▶ Recorded data:
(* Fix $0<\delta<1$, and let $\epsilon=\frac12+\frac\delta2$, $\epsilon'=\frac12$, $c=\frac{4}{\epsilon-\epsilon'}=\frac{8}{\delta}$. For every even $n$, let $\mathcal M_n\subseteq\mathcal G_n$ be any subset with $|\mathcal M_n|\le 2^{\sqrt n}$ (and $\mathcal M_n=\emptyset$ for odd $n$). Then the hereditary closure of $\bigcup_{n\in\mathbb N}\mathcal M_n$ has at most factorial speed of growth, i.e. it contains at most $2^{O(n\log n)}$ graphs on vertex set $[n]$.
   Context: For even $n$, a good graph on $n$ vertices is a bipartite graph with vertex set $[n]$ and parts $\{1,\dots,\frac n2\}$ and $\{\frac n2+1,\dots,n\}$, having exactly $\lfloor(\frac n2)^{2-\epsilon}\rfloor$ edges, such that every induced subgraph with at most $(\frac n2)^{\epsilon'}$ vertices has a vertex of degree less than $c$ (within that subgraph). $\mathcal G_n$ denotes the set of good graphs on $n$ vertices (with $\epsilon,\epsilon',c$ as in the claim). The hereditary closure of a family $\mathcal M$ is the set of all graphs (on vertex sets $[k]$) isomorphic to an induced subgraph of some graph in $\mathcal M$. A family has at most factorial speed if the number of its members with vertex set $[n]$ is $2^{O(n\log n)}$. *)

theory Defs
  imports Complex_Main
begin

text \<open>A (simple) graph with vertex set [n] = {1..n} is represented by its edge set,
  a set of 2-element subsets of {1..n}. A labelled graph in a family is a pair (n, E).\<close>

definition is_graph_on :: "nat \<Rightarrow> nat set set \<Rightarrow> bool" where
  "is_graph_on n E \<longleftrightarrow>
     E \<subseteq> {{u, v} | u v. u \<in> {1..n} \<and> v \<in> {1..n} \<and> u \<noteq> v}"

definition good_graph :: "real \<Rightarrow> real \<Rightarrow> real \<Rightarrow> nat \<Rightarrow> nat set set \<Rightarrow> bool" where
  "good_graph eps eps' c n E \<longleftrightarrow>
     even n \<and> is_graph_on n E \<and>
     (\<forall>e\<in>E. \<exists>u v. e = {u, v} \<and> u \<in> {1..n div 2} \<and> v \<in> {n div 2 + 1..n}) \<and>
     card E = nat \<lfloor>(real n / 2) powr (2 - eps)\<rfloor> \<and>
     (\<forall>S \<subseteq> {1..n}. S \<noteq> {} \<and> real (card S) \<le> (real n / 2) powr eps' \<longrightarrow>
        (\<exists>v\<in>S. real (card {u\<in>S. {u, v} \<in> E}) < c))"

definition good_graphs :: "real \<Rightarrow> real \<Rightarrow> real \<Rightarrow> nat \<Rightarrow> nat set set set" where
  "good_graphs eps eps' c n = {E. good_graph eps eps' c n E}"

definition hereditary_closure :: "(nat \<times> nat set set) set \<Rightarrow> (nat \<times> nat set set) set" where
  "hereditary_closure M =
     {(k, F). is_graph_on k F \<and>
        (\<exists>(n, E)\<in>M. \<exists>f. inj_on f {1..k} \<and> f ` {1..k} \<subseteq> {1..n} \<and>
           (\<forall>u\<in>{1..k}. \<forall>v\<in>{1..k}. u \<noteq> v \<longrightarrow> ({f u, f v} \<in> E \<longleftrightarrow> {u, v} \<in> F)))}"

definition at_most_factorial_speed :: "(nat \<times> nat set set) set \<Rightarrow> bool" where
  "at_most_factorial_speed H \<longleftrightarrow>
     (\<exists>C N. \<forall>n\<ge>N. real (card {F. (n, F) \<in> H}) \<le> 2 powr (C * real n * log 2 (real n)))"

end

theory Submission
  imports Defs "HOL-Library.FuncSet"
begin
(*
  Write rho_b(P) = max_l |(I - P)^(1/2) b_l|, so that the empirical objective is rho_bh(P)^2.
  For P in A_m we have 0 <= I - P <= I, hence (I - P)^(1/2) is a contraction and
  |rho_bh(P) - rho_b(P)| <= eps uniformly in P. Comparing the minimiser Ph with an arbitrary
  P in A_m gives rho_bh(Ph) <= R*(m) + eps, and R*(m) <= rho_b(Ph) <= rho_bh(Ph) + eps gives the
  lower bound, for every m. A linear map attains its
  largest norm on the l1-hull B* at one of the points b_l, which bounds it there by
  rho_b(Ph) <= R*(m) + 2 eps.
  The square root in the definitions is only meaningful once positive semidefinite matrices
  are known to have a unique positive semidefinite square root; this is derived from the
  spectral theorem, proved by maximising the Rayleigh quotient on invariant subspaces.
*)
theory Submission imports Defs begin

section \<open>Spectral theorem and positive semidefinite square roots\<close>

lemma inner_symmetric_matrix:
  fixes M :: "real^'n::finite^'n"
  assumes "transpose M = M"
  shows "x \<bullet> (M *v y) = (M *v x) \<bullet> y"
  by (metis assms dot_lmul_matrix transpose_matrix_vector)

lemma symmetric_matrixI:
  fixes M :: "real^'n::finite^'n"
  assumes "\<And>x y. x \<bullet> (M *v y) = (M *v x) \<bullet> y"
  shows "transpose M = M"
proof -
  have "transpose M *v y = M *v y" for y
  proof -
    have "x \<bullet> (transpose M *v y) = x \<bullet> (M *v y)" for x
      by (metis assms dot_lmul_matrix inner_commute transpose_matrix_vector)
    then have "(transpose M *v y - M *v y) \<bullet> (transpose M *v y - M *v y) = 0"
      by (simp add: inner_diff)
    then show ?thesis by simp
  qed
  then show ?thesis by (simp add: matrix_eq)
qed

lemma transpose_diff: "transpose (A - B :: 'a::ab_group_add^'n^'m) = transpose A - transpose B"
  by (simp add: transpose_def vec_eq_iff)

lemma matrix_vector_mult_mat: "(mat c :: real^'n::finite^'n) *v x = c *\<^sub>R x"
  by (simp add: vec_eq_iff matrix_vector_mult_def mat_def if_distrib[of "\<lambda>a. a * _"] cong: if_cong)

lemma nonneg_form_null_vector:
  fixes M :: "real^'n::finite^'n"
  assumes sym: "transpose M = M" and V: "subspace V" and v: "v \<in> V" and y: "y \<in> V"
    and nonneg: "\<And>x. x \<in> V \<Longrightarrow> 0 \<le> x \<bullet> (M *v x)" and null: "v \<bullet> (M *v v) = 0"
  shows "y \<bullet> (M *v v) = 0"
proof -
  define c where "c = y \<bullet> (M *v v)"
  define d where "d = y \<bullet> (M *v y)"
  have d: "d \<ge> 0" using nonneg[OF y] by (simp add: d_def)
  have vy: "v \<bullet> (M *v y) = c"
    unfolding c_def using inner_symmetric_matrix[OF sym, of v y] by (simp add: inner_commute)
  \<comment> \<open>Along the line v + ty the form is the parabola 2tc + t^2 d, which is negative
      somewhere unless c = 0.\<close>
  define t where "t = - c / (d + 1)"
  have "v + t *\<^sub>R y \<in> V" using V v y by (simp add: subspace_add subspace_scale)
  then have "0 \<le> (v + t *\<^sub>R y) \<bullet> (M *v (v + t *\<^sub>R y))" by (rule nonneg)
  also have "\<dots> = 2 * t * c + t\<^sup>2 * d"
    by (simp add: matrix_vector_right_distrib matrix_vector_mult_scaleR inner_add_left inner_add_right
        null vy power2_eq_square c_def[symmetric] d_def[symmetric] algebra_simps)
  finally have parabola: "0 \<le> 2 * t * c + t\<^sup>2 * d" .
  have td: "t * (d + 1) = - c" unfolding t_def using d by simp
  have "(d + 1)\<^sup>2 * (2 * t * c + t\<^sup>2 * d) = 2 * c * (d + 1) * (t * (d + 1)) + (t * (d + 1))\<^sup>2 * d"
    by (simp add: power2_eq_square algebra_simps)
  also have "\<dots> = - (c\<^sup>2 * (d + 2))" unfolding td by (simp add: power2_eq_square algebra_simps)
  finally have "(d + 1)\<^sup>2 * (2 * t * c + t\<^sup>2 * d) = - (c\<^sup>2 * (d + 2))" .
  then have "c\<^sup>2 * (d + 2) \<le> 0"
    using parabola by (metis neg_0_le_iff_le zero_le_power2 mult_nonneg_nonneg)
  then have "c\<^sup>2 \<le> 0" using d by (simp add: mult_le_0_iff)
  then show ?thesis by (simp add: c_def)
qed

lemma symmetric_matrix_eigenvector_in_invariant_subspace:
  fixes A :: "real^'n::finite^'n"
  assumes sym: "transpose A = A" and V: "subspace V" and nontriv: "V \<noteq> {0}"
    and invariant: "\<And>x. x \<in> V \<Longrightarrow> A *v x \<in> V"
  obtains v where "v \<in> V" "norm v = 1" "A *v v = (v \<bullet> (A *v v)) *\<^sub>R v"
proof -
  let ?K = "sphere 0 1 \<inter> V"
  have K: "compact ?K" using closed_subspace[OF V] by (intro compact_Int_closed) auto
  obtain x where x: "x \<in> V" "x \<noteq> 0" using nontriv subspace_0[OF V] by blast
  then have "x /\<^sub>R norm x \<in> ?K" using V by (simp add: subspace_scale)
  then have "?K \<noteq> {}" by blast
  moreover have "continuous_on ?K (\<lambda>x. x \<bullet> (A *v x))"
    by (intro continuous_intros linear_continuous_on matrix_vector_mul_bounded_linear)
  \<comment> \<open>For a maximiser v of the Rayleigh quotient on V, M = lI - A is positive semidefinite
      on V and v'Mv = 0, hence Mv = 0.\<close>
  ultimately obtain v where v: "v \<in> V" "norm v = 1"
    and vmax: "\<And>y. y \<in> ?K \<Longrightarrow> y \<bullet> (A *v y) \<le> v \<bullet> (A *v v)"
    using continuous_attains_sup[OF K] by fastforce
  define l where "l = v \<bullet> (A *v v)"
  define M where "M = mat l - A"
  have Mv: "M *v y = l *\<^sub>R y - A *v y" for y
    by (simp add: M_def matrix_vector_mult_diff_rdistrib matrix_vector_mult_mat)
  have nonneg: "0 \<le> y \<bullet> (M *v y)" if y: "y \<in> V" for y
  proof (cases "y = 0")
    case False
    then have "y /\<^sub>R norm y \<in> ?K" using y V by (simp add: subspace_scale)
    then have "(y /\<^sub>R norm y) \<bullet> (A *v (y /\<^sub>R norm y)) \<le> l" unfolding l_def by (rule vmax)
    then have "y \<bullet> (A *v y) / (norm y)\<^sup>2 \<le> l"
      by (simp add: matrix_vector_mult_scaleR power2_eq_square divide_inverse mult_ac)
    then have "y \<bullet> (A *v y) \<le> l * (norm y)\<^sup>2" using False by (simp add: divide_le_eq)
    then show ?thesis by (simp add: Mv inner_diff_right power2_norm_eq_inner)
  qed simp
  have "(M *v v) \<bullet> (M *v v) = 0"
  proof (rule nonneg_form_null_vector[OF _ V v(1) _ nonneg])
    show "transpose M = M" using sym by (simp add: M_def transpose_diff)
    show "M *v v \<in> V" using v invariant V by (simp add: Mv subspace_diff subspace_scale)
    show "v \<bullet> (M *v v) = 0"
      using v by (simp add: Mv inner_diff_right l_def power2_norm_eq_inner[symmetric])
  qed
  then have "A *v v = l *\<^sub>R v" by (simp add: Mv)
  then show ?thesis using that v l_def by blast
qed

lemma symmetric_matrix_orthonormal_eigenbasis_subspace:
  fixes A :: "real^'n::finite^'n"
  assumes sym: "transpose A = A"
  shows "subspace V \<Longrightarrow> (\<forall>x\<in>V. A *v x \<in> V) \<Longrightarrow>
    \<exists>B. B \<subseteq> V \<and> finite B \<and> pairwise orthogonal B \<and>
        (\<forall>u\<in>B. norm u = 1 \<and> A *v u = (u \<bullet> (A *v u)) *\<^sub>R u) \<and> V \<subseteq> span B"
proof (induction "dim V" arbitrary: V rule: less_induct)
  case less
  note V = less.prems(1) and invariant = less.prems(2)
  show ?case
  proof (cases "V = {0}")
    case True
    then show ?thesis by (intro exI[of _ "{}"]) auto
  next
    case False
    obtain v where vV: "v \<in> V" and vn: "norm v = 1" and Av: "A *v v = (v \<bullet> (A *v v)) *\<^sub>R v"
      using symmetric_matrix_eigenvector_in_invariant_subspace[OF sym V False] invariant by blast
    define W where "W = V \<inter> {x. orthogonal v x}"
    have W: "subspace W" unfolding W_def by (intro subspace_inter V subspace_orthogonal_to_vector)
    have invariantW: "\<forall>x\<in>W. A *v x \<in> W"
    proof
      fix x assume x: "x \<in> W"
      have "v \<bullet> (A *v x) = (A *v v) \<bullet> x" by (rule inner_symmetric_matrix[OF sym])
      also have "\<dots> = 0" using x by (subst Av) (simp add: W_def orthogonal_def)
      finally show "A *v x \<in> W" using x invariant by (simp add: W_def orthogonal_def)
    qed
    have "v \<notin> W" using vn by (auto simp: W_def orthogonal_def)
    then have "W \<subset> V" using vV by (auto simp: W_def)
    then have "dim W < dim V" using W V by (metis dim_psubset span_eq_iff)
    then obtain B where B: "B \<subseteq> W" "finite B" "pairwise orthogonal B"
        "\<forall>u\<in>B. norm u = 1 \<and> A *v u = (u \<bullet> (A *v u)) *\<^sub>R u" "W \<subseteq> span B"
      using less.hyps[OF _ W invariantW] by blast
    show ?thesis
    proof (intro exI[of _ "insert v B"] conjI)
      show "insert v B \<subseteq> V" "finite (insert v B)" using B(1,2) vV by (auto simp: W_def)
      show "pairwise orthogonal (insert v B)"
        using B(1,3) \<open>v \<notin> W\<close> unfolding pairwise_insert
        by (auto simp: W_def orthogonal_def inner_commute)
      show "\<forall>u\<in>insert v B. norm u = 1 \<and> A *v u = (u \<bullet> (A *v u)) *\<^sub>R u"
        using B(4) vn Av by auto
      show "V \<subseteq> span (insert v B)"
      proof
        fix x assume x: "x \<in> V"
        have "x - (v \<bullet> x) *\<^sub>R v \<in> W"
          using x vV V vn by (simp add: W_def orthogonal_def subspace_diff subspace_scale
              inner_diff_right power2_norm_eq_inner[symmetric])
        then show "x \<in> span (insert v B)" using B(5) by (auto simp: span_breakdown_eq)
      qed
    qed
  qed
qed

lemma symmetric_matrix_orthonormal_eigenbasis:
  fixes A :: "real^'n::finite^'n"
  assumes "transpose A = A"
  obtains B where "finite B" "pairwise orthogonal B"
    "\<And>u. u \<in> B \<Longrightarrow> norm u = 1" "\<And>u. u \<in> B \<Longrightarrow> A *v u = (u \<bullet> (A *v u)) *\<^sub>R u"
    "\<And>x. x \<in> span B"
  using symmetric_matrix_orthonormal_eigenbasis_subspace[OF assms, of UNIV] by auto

▶ Problem to solve: Search the data above for the word "False" and say how many lines contain it, giving only that number.

▶ Solution: 4